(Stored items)
┏━━
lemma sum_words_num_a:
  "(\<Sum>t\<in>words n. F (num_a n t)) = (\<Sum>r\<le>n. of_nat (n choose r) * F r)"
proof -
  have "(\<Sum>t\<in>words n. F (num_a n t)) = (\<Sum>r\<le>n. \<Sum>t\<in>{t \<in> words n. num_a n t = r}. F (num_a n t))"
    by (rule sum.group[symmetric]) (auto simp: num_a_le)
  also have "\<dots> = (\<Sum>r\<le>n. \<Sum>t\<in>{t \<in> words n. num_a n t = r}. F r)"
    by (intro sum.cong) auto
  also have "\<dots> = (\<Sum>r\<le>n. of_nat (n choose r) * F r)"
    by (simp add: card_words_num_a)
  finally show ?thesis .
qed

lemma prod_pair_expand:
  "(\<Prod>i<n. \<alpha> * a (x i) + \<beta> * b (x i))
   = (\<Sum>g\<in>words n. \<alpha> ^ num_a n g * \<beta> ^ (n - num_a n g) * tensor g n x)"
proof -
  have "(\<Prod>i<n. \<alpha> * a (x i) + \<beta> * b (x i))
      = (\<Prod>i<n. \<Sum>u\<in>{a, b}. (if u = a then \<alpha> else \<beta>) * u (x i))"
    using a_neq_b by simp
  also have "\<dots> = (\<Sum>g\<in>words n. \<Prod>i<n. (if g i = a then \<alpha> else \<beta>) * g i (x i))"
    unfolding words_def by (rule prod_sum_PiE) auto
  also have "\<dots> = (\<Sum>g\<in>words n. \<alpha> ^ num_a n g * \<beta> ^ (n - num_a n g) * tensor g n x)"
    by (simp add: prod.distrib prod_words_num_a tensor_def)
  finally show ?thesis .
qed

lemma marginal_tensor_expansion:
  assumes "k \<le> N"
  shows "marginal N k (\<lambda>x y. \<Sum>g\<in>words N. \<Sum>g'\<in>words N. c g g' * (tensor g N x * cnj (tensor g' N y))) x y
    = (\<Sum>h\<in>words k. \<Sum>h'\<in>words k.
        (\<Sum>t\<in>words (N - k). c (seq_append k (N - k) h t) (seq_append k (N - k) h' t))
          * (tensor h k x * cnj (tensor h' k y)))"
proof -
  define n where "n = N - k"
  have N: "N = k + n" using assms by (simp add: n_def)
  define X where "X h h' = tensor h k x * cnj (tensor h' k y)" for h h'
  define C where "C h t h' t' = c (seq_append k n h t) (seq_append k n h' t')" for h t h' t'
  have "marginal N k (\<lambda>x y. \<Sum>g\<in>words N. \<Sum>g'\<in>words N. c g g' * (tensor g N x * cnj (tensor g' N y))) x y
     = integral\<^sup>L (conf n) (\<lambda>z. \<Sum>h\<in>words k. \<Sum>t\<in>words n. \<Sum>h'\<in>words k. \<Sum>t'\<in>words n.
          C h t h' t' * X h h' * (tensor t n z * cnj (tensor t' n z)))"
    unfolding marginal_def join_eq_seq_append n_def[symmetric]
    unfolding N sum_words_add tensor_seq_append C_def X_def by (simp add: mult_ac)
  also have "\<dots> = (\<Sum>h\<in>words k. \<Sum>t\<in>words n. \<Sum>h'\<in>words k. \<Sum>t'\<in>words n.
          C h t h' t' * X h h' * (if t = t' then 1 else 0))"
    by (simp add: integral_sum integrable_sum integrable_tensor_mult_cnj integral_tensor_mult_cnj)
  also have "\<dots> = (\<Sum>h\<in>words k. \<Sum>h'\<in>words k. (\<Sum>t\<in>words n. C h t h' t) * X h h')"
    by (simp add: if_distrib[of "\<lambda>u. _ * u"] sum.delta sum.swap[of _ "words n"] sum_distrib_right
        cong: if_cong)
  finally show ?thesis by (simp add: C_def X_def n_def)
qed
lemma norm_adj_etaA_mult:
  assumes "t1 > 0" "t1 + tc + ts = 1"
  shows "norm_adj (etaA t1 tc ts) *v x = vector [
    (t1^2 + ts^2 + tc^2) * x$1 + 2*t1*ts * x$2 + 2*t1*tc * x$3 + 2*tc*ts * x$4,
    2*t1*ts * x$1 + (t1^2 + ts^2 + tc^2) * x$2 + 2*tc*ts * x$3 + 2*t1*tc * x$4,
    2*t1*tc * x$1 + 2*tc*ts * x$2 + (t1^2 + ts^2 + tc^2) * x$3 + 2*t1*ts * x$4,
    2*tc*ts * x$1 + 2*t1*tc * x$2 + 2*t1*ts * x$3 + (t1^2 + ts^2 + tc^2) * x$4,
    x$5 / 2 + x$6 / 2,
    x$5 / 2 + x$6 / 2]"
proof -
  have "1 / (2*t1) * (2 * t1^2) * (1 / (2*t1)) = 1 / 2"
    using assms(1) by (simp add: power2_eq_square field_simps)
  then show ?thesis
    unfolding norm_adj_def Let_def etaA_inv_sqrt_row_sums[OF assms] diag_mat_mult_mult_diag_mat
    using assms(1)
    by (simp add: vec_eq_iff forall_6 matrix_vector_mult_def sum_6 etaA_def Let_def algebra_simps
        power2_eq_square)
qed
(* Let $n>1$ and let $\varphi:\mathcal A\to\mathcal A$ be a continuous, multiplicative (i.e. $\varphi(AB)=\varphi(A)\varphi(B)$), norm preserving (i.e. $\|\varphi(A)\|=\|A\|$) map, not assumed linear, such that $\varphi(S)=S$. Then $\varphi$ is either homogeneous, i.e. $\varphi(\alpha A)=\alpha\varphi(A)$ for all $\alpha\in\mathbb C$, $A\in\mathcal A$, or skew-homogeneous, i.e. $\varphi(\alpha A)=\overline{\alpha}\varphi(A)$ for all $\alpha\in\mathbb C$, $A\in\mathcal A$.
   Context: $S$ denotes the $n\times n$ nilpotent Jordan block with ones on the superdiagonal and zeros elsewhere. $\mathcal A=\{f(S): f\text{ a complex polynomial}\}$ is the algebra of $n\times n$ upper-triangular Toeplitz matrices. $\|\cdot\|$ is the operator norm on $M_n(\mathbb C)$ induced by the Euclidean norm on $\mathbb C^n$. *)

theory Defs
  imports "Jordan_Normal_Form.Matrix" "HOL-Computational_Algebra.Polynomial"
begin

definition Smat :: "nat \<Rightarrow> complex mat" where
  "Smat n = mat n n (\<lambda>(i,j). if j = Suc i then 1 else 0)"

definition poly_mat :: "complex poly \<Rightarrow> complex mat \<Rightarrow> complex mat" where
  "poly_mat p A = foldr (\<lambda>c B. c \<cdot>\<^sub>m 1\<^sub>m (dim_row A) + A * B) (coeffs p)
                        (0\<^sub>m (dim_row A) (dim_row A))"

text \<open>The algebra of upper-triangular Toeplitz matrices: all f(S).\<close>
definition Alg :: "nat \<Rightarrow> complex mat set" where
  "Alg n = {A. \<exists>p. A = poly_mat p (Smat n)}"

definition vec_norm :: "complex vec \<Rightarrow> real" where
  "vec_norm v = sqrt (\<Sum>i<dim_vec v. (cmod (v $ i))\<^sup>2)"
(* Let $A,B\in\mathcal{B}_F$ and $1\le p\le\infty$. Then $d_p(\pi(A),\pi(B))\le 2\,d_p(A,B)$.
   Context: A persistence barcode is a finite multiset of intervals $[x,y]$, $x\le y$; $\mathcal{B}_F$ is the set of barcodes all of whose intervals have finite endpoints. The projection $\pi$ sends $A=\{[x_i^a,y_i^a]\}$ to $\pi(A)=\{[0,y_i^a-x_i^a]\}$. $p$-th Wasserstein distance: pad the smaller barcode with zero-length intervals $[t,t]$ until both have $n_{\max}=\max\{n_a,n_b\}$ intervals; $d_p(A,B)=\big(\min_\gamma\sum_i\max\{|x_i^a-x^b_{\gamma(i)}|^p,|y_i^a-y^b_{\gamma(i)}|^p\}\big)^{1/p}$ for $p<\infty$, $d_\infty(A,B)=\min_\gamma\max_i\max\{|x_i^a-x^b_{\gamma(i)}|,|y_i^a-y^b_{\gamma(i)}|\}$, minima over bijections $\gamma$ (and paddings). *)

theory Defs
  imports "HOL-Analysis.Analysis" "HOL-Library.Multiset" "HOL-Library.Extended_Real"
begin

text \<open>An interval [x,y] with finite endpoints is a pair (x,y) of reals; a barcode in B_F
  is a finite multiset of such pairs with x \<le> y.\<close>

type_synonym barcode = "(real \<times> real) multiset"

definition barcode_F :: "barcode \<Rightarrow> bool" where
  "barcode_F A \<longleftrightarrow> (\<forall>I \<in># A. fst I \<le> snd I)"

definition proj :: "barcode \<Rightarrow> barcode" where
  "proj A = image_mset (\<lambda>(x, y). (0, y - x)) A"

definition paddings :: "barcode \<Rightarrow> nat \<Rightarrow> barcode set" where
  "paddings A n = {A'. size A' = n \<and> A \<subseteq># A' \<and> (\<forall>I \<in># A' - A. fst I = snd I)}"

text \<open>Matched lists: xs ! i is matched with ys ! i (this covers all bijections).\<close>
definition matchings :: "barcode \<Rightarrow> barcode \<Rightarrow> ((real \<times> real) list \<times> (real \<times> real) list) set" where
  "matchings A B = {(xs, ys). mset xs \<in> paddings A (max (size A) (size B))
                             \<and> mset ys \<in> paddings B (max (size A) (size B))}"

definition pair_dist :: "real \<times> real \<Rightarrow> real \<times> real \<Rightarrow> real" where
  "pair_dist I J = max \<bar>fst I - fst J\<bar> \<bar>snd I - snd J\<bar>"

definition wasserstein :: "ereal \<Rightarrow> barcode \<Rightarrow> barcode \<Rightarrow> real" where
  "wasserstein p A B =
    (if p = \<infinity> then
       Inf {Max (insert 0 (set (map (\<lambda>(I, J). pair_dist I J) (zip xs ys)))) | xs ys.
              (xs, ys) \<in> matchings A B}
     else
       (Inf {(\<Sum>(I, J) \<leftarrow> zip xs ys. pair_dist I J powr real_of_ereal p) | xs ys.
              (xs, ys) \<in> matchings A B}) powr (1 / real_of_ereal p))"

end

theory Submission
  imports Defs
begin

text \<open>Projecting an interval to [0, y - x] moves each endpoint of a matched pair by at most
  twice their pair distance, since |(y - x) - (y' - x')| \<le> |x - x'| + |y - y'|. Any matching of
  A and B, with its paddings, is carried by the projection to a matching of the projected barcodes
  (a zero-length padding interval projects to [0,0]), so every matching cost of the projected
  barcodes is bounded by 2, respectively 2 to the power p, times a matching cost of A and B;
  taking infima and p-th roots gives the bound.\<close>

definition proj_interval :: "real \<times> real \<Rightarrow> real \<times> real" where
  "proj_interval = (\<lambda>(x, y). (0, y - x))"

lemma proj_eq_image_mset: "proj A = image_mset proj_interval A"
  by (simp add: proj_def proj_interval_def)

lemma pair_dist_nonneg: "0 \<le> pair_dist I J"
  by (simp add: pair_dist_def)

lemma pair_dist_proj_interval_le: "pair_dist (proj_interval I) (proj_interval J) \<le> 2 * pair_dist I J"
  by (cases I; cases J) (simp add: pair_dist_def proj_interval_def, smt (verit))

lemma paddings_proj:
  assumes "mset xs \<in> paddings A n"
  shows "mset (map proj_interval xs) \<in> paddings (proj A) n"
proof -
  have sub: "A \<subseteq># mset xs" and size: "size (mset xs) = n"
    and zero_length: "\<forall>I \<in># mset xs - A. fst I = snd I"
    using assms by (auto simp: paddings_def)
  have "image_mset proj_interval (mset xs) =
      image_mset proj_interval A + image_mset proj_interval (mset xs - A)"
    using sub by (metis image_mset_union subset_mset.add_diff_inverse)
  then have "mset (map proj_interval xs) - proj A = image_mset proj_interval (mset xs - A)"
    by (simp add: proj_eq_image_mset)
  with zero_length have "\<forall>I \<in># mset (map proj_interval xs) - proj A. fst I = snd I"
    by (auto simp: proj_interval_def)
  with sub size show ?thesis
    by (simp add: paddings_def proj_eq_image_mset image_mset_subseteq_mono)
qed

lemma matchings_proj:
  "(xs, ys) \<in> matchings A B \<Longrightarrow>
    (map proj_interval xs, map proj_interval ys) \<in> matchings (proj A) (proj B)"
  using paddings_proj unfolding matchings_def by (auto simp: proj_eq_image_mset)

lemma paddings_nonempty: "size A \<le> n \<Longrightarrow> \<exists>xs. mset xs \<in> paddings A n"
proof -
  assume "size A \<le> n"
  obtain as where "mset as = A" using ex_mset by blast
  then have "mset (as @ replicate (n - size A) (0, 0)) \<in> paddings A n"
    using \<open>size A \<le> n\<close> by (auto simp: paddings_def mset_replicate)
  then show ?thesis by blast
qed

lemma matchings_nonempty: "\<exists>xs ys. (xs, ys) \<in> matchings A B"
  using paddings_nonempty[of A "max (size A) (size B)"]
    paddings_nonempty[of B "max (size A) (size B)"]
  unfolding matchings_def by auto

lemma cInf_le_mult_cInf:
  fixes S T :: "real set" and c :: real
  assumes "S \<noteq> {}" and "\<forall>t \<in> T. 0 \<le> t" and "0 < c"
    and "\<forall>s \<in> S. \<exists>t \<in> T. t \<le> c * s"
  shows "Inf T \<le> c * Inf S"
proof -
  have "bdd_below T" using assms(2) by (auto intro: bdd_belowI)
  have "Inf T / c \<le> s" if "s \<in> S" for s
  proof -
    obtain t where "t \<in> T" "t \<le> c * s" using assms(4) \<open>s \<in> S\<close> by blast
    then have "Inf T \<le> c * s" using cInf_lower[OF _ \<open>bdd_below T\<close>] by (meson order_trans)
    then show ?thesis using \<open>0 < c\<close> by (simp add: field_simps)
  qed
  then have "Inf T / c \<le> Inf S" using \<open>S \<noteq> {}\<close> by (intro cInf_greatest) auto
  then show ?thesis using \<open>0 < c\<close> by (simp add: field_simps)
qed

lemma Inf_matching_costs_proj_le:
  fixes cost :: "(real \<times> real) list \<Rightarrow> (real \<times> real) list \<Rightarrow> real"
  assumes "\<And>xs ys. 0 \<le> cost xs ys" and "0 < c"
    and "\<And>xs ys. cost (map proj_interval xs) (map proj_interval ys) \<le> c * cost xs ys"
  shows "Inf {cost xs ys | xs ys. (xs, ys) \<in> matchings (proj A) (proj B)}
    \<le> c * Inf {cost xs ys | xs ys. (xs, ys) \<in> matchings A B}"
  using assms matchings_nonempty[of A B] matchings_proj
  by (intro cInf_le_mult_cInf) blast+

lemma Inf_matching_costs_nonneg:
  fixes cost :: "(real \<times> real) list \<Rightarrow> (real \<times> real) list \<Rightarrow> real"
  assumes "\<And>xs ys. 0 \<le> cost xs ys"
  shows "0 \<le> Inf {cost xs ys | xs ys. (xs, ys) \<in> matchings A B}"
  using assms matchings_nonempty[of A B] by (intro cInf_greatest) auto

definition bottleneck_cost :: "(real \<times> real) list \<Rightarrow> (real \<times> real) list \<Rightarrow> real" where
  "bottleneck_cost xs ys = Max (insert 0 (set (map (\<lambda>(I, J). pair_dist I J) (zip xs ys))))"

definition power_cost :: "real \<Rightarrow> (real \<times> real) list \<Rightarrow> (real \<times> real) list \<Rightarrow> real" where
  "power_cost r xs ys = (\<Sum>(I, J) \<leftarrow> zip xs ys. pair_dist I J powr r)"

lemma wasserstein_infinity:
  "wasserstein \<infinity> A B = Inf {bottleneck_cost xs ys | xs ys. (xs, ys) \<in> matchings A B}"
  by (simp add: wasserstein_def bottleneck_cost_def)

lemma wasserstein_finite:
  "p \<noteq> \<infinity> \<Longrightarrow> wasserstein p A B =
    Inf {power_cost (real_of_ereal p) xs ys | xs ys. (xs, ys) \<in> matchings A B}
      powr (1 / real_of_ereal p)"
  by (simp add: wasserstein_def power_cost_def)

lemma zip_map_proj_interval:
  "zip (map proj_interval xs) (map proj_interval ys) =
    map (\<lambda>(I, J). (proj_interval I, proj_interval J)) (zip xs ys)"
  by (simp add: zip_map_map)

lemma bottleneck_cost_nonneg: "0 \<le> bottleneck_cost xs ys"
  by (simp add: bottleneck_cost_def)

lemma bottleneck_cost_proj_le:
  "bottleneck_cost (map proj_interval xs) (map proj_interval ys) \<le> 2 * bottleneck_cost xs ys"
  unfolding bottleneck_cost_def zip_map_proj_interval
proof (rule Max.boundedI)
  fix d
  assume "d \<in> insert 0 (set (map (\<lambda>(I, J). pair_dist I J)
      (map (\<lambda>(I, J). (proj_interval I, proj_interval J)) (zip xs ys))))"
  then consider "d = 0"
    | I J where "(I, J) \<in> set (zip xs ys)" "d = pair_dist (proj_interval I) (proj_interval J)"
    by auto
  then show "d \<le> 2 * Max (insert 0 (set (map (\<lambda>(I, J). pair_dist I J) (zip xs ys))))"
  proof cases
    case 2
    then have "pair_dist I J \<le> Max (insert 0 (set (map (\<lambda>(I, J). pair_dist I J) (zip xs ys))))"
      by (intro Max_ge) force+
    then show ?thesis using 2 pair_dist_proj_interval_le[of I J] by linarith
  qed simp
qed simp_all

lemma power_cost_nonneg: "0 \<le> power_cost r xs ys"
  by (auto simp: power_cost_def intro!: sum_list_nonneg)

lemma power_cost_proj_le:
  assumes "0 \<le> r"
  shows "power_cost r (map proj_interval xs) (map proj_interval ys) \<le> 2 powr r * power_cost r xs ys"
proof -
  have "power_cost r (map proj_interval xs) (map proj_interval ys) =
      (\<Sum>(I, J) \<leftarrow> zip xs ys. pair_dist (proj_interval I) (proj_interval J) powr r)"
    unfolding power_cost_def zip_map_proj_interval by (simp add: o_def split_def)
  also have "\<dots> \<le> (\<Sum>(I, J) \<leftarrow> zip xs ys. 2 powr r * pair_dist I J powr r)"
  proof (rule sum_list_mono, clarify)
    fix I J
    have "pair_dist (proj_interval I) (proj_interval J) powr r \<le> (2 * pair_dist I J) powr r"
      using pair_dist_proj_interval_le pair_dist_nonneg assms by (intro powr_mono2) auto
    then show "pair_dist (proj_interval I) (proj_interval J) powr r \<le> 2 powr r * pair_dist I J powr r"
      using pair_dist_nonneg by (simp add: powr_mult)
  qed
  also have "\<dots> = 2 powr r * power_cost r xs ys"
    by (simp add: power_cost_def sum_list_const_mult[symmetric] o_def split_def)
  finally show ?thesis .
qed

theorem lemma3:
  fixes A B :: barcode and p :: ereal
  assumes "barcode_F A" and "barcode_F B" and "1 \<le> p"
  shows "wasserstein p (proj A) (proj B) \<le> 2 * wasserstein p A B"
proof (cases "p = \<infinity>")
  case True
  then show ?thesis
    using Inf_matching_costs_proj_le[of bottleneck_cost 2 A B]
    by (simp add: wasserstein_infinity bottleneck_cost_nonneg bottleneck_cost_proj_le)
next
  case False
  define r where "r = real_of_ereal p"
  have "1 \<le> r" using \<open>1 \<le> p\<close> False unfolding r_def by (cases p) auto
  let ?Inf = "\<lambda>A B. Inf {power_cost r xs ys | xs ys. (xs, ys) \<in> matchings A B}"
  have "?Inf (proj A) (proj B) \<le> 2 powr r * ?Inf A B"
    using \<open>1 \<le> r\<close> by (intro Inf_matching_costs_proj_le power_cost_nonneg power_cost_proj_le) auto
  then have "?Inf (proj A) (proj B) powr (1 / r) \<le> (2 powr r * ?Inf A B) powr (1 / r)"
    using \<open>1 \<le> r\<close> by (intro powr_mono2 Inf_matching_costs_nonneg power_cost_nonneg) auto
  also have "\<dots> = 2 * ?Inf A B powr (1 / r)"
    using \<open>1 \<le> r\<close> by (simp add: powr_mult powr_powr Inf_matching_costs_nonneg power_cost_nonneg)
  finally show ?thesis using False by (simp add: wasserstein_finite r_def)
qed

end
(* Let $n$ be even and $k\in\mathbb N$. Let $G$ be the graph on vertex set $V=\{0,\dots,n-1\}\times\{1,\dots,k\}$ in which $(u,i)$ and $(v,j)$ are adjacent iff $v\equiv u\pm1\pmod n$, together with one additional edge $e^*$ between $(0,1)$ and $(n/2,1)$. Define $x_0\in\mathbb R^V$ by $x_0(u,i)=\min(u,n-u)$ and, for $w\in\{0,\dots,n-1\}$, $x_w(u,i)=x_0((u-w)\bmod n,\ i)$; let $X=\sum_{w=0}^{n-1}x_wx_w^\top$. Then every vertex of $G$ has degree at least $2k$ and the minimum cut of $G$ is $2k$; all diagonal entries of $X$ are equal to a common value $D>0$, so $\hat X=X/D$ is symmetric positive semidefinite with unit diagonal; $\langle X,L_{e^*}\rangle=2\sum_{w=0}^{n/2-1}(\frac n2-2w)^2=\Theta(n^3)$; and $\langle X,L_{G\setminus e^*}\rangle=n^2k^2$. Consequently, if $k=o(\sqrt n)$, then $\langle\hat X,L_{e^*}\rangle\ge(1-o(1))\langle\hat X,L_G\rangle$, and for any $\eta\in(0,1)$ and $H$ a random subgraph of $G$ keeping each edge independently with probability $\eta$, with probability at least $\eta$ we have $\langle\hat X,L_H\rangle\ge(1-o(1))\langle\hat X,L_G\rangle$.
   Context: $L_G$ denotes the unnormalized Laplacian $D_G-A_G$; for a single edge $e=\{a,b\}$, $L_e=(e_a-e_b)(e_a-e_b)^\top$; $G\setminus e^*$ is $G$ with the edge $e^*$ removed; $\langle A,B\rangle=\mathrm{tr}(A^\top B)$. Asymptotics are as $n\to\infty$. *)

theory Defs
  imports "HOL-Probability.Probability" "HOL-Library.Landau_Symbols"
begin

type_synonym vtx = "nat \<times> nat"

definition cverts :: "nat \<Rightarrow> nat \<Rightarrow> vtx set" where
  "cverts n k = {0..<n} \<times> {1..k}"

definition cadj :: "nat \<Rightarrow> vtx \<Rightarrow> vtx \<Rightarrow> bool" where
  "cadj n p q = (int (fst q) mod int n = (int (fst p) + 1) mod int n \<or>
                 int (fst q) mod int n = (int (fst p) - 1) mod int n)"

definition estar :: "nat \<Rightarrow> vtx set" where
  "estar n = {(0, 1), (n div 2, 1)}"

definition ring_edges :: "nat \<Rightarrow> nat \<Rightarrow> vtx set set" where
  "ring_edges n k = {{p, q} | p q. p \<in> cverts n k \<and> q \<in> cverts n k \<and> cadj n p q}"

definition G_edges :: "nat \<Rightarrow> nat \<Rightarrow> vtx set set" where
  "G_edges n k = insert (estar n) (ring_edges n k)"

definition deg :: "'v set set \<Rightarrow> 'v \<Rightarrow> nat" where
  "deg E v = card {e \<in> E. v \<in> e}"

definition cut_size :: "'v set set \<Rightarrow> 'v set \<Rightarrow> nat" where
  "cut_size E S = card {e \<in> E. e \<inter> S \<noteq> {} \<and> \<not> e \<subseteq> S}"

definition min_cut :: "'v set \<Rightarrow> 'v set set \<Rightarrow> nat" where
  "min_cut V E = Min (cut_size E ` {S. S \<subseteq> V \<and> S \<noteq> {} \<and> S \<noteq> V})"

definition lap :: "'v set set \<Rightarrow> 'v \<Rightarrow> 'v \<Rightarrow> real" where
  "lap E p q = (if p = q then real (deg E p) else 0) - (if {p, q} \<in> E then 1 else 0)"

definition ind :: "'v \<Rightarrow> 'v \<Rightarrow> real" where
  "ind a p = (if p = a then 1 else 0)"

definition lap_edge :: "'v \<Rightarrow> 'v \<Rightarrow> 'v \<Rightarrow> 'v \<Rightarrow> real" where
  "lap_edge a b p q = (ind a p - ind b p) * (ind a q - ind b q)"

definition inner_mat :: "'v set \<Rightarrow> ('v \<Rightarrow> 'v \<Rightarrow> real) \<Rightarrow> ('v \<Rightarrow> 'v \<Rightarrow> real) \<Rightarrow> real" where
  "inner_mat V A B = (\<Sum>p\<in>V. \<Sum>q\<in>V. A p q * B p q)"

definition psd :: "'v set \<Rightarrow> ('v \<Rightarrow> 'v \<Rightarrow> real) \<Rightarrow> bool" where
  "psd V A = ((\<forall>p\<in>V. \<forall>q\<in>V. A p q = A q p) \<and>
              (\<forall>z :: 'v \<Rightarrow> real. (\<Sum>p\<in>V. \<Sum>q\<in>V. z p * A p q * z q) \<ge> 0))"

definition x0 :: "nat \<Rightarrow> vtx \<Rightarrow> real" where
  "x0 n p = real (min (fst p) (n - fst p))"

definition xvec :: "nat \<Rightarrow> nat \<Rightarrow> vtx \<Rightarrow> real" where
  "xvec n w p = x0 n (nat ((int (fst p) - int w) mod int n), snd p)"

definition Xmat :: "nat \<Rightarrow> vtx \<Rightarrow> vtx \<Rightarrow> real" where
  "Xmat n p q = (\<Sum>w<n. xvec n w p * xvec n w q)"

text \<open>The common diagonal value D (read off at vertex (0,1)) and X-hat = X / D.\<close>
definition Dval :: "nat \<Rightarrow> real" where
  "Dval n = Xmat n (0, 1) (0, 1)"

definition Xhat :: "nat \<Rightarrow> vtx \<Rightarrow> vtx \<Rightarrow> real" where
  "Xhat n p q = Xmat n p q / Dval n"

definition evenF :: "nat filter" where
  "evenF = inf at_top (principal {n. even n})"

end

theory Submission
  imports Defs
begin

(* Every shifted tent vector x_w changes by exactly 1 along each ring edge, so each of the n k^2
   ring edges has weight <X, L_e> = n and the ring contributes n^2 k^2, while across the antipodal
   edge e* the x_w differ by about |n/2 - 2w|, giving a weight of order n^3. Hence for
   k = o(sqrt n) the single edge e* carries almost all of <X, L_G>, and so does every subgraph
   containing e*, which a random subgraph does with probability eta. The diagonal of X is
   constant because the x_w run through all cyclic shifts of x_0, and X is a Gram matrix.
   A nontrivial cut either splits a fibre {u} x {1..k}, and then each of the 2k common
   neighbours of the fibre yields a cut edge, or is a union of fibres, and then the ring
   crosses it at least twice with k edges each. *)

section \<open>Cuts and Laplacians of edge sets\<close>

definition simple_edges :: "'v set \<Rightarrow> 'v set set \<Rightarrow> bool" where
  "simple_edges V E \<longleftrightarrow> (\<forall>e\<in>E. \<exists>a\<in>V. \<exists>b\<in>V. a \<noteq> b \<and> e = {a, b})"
┗━━
§ **WHAT IS REQUIRED**
Work through the records above. Copy every line with the string "triangular".

§ **ANSWER SPACE**
   Context: $S$ denotes the $n\times n$ nilpotent Jordan block with ones on the superdiagonal and zeros elsewhere. $\mathcal A=\{f(S): f\text{ a complex polynomial}\}$ is the algebra of $n\times n$ upper-triangular Toeplitz matrices. $\|\cdot\|$ is the operator norm on $M_n(\mathbb C)$ induced by the Euclidean norm on $\mathbb C^n$. *)
text \<open>The algebra of upper-triangular Toeplitz matrices: all f(S).\<close>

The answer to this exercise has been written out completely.